Tooling for scraping and providing publicly available data from FCSE services. The data is provided using a REST API or webhooks. Requires Node.js >= 20.
The scrapers are implemented as classes (called strategies) which contain several selectors and methods for fetching the data from each container (post, announcement, etc). Adding a new service requires creating a new strategy and linking it.

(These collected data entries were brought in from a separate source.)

(* Let $k\geq2$ be an integer and let $(f(n))_{n\geq0}$ be a $k$-regular sequence over a field $\mathcal{S}\subseteq\mathbb{A}$ (the real algebraic numbers), with matrices $F_0,\dots,F_{k-1}$ of a minimal linear representation of it. Set $F(n)=F_{n_0}\cdots F_{n_{s-1}}$ for $(n)_k=n_{s-1}\cdots n_0$. Let $\sigma\in\mathbb{R}$, $\ell\in\mathbb{N}_0$, and $h(n)=n^\sigma(\log n)^\ell$. Then $f(n)\in O(h(n))$ if and only if $F(n)\in O(h(n))$. In particular, $(f(n))_{n\geq0}$ and $(F(n))_{n\geq0}$ have exactly the same growth rate.
   Context: For $n\in\mathbb{N}_0$, $(n)_k=n_{s-1}\cdots n_0$ is the standard base-$k$ representation of $n$ (no leading zeros; $(0)_k$ empty). A linear representation of $(f(n))_{n\geq0}$ consists of $r\geq0$, a $1\times r$ row vector $\lambda$, an $r\times1$ column vector $\gamma$ and $r\times r$ matrices $F_0,\dots,F_{k-1}$ over $\mathcal{S}$ with $f(n)=\lambda F_{n_0}\cdots F_{n_{s-1}}\gamma$ for all $n$; $f$ is $k$-regular if it has one, and the representation is minimal if $r$ is smallest possible for $f$. $f(n)\in O(g(n))$ means there exist $n_0$, $c>0$ with $|f(n)|\leq c\,g(n)$ for $n\geq n_0$; a sequence of matrices is in $O(g(n))$ if each entry sequence (fixed row and column) is, equivalently if the sequence of norms is. A sequence has exact growth $n^\sigma(\log n)^\ell$ if it is in $O(n^\sigma(\log n)^\ell)$ but not in $O(n^{\sigma'}(\log n)^{\ell'})$ for any $\sigma'\in\mathbb{R},\ell'\in\mathbb{N}_0$ with $(\sigma',\ell')$ lexicographically smaller than $(\sigma,\ell)$. *)

theory Defs
  imports "HOL-Computational_Algebra.Polynomial" "HOL-Library.Landau_Symbols"
          "Jordan_Normal_Form.Matrix"
begin

fun base_digits :: "nat \<Rightarrow> nat \<Rightarrow> nat list" where
  "base_digits k n = (if n = 0 \<or> k < 2 then [] else n mod k # base_digits k (n div k))"

definition mat_of_n :: "nat \<Rightarrow> nat \<Rightarrow> (nat \<Rightarrow> real mat) \<Rightarrow> nat \<Rightarrow> real mat" where
  "mat_of_n k r Fs n = foldr (\<lambda>d M. Fs d * M) (base_digits k n) (1\<^sub>m r)"

definition subfield_of_real_algebraic :: "real set \<Rightarrow> bool" where
  "subfield_of_real_algebraic S \<longleftrightarrow>
     0 \<in> S \<and> 1 \<in> S \<and> (\<forall>x\<in>S. \<forall>y\<in>S. x + y \<in> S \<and> x * y \<in> S \<and> x - y \<in> S)
     \<and> (\<forall>x\<in>S. x \<noteq> 0 \<longrightarrow> inverse x \<in> S) \<and> (\<forall>x\<in>S. algebraic x)"

definition mat_over :: "real set \<Rightarrow> real mat \<Rightarrow> bool" where
  "mat_over S M \<longleftrightarrow> (\<forall>i<dim_row M. \<forall>j<dim_col M. M $$ (i,j) \<in> S)"

definition is_linrep ::
  "real set \<Rightarrow> nat \<Rightarrow> (nat \<Rightarrow> real) \<Rightarrow> nat \<Rightarrow> real mat \<Rightarrow> real mat \<Rightarrow> (nat \<Rightarrow> real mat) \<Rightarrow> bool" where
  "is_linrep S k f r lam gam Fs \<longleftrightarrow>
     lam \<in> carrier_mat 1 r \<and> gam \<in> carrier_mat r 1 \<and> mat_over S lam \<and> mat_over S gam \<and>
     (\<forall>d<k. Fs d \<in> carrier_mat r r \<and> mat_over S (Fs d)) \<and>
     (\<forall>n. f n = (lam * mat_of_n k r Fs n * gam) $$ (0,0))"
lemma clamped_field_continuous:
  assumes "continuous_on UNIV y"
  shows "continuous_on UNIV (\<lambda>s. clamped_field s (y s))"
proof -
  have "continuous_on UNIV (\<lambda>s. clip 0 (x1 (max 0 s)) (fst (y s)))"
    "continuous_on UNIV (\<lambda>s. clip 0 (x2 (max 0 s)) (fst (snd (y s))))"
    "continuous_on UNIV (\<lambda>s. clip (x3 (max 0 s)) LW_max (fst (snd (snd (y s)))))"
    "continuous_on UNIV (\<lambda>s. clip (x4 (max 0 s)) AW_max (snd (snd (snd (y s)))))"
    by (intro continuous_on_clip continuous_on_const continuous_on_fst continuous_on_snd
        x_components_continuous assms)+
  moreover have "\<forall>s\<in>UNIV. clip 0 (x2 (max 0 s)) (fst (snd (y s)))
      + clip (x4 (max 0 s)) AW_max (snd (snd (snd (y s)))) \<noteq> 0"
  proof
    fix s
    have "0 \<le> clip 0 (x2 (max 0 s)) (fst (snd (y s)))"
      "AWb \<le> clip (x4 (max 0 s)) AW_max (snd (snd (snd (y s))))"
      by (rule clamped_in_box)+
    then show "clip 0 (x2 (max 0 s)) (fst (snd (y s)))
        + clip (x4 (max 0 s)) AW_max (snd (snd (snd (y s)))) \<noteq> 0"
      using AWb_pos by linarith
  qed
  ultimately show ?thesis
    unfolding clamped_field_def clamped_def field_def prod.case
    by (intro continuous_on_Pair continuous_on_diff continuous_on_add continuous_on_mult
        continuous_on_divide continuous_on_const) auto
qed

lemma clamped_solution_exists: "\<exists>y. \<forall>t\<ge>0. ((\<lambda>s. clamped_field s (y s)) has_integral (y t - x0)) {0..t}"
proof -
  interpret bounded_lipschitz_field clamped_field
    "norm (field us (0, 0, 0, clamp_radius)) + field_lipschitz_constant clamp_radius * clamp_radius"
    "field_lipschitz_constant clamp_radius"
  proof
    show "0 < field_lipschitz_constant clamp_radius"
      using pos clamp_radius_pos by (simp add: field_lipschitz_constant_def add_pos_pos)
  qed (simp_all add: clamped_field_continuous clamped_field_bounded clamped_field_lipschitz)
  show ?thesis by (rule exists_integral_solution)
qed

end

locale clamped_trajectory = viable_trajectory +
  fixes y :: "real \<Rightarrow> state"
  assumes clamped_solution:
    "\<And>t. t \<ge> 0 \<Longrightarrow> ((\<lambda>s. clamped_field s (y s)) has_integral (y t - x0)) {0..t}"
begin

definition y1 :: "real \<Rightarrow> real" where "y1 t = fst (y t)"
definition y2 :: "real \<Rightarrow> real" where "y2 t = fst (snd (y t))"
definition y3 :: "real \<Rightarrow> real" where "y3 t = fst (snd (snd (y t)))"
definition y4 :: "real \<Rightarrow> real" where "y4 t = snd (snd (snd (y t)))"

definition z1 :: "real \<Rightarrow> real" where "z1 s = clip 0 (x1 s) (y1 s)"
definition z2 :: "real \<Rightarrow> real" where "z2 s = clip 0 (x2 s) (y2 s)"
definition z3 :: "real \<Rightarrow> real" where "z3 s = clip (x3 s) LW_max (y3 s)"
definition z4 :: "real \<Rightarrow> real" where "z4 s = clip (x4 s) AW_max (y4 s)"

lemma y_components: "y t = (y1 t, y2 t, y3 t, y4 t)"
  by (simp add: y1_def y2_def y3_def y4_def)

See the example strategy for more info.
To run the scraper:
- Clone the repository:
git clone https://github.com/finki-hub/finki-scraper.git
- Prepare configuration by copying
config/config.sample.json
toconfig/config.json
- Install dependencies:
npm i
- Run the scraper
npm run start
It's also available as a Docker image:
docker run -d \
--name finki-scraper \
--restart unless-stopped \
-v ./cache:/app/cache \
-v ./config:/app/config \
-v ./logs:/app/logs \
ghcr.io/finki-hub/finki-scraper:latest
Or Docker Compose: docker compose up -d
You can select which scrapers to run declaratively (in the configuration with the enabled
flag) or imperatively: npm run start scraper_1 scraper_2 ... scraper_n
- Clone the repository:
git clone https://github.com/finki-hub/finki-scraper.git
- Install dependencies (and pre-commit hooks):
npm i
- Prepare configuration:
cp config/config.sample.json config/config.json
- Build the project:
npm run build
- Run it:
npm run start
There is an example configuration file available at config/config.sample.json
. Copy it to config/config.json
and edit it to your liking.
If you would like to consume the data from a REST API, run the app in server mode: npm run serve
. The data will be scraped on each API call instead of periodically.
GET /list
- get all active scrapers,GET /get/<name>
- get data from the scraper<name>
DELETE /delete
- delete the cache of all scrapersDELETE /delete/<name>
- delete the cache of the scraper<name>
The <name>
parameter is what is specified in the configuration.
This project is licensed under the terms of the MIT license.